### THE PROBLEM
Below are records; count how many of their lines contain the word "lambda" and give the number alone.

═══

lemma product_design_unique_extension:
  fixes q q' :: nat
  assumes S: "H_design n {0..<q} w t S" and R: "H_design w {0..<q'} w t R" and "q' > 0"
    and v: "v \<in> words {0..<q * q'} n" "weight v = t"
  shows "\<exists>!u. u \<in> product_design q' S R \<and> extends u v"
proof -
  define vq where "vq = map (map_option (\<lambda>c. c div q')) v"
  define vq' where "vq' = map (map_option (\<lambda>c. c mod q')) v"
  have S_words: "a \<in> words {0..<q} n" "weight a = w" if "a \<in> S" for a
    using S that by (auto simp: H_design_def)
  have product_design_eq: "product_design q' S R =
      {map (map_option (pair_code q')) (merge a bs) | a bs. a \<in> S \<and> map Some bs \<in> R}"
    by (rule product_design_conv_map_Some) (blast elim: H_design_full_weightE[OF R])
  have extends_iff: "extends (map (map_option (pair_code q')) (merge a bs)) v \<longleftrightarrow>
      extends a vq \<and> extends (map Some bs) (select_support a vq')"
    if "a \<in> S" "map Some bs \<in> R" for a bs
    unfolding vq_def vq'_def using R that(2) S_words(2)[OF that(1)]
    by (rule extends_merge_iff_design)
  have "vq \<in> words {0..<q} n" "weight vq = t"
    using div_words[OF v(1)] v(2) by (simp_all add: vq_def)
  with S obtain a where a: "a \<in> S" "extends a vq"
    and a_unique: "\<And>a'. a' \<in> S \<Longrightarrow> extends a' vq \<Longrightarrow> a' = a"
    unfolding H_design_def by metis
  have "select_support a vq' \<in> words {0..<q'} w" "weight (select_support a vq') = t"
    using select_support_mod[OF \<open>q' > 0\<close>, of v a] S_words[OF a(1)] a(2) v
    by (simp_all add: vq_def vq'_def words_def)
  with R obtain b where b: "b \<in> R" "extends b (select_support a vq')"
    and b_unique: "\<And>b'. b' \<in> R \<Longrightarrow> extends b' (select_support a vq') \<Longrightarrow> b' = b"
    unfolding H_design_def by metis
  obtain bs where bs: "b = map Some bs"
    using R b(1) by (rule H_design_full_weightE)
  show ?thesis
    unfolding product_design_eq
  proof (rule ex1I)
    show "map (map_option (pair_code q')) (merge a bs) \<in>
          {map (map_option (pair_code q')) (merge a bs) | a bs. a \<in> S \<and> map Some bs \<in> R} \<and>
        extends (map (map_option (pair_code q')) (merge a bs)) v"
      using a b bs extends_iff[of a bs] by blast
  next
    fix u
    assume "u \<in> {map (map_option (pair_code q')) (merge a bs) | a bs. a \<in> S \<and> map Some bs \<in> R} \<and>
      extends u v"
    then obtain a' bs' where u: "u = map (map_option (pair_code q')) (merge a' bs')"
      and "a' \<in> S" "map Some bs' \<in> R" "extends u v"
      by blast
    then have "a' = a" "map Some bs' = b"
      using extends_iff a_unique b_unique by metis+
    then show "u = map (map_option (pair_code q')) (merge a bs)"
      using u bs by (simp add: inj_map_eq_map)
  qed
qed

═══

### RESPONSE TO THIS TASK
2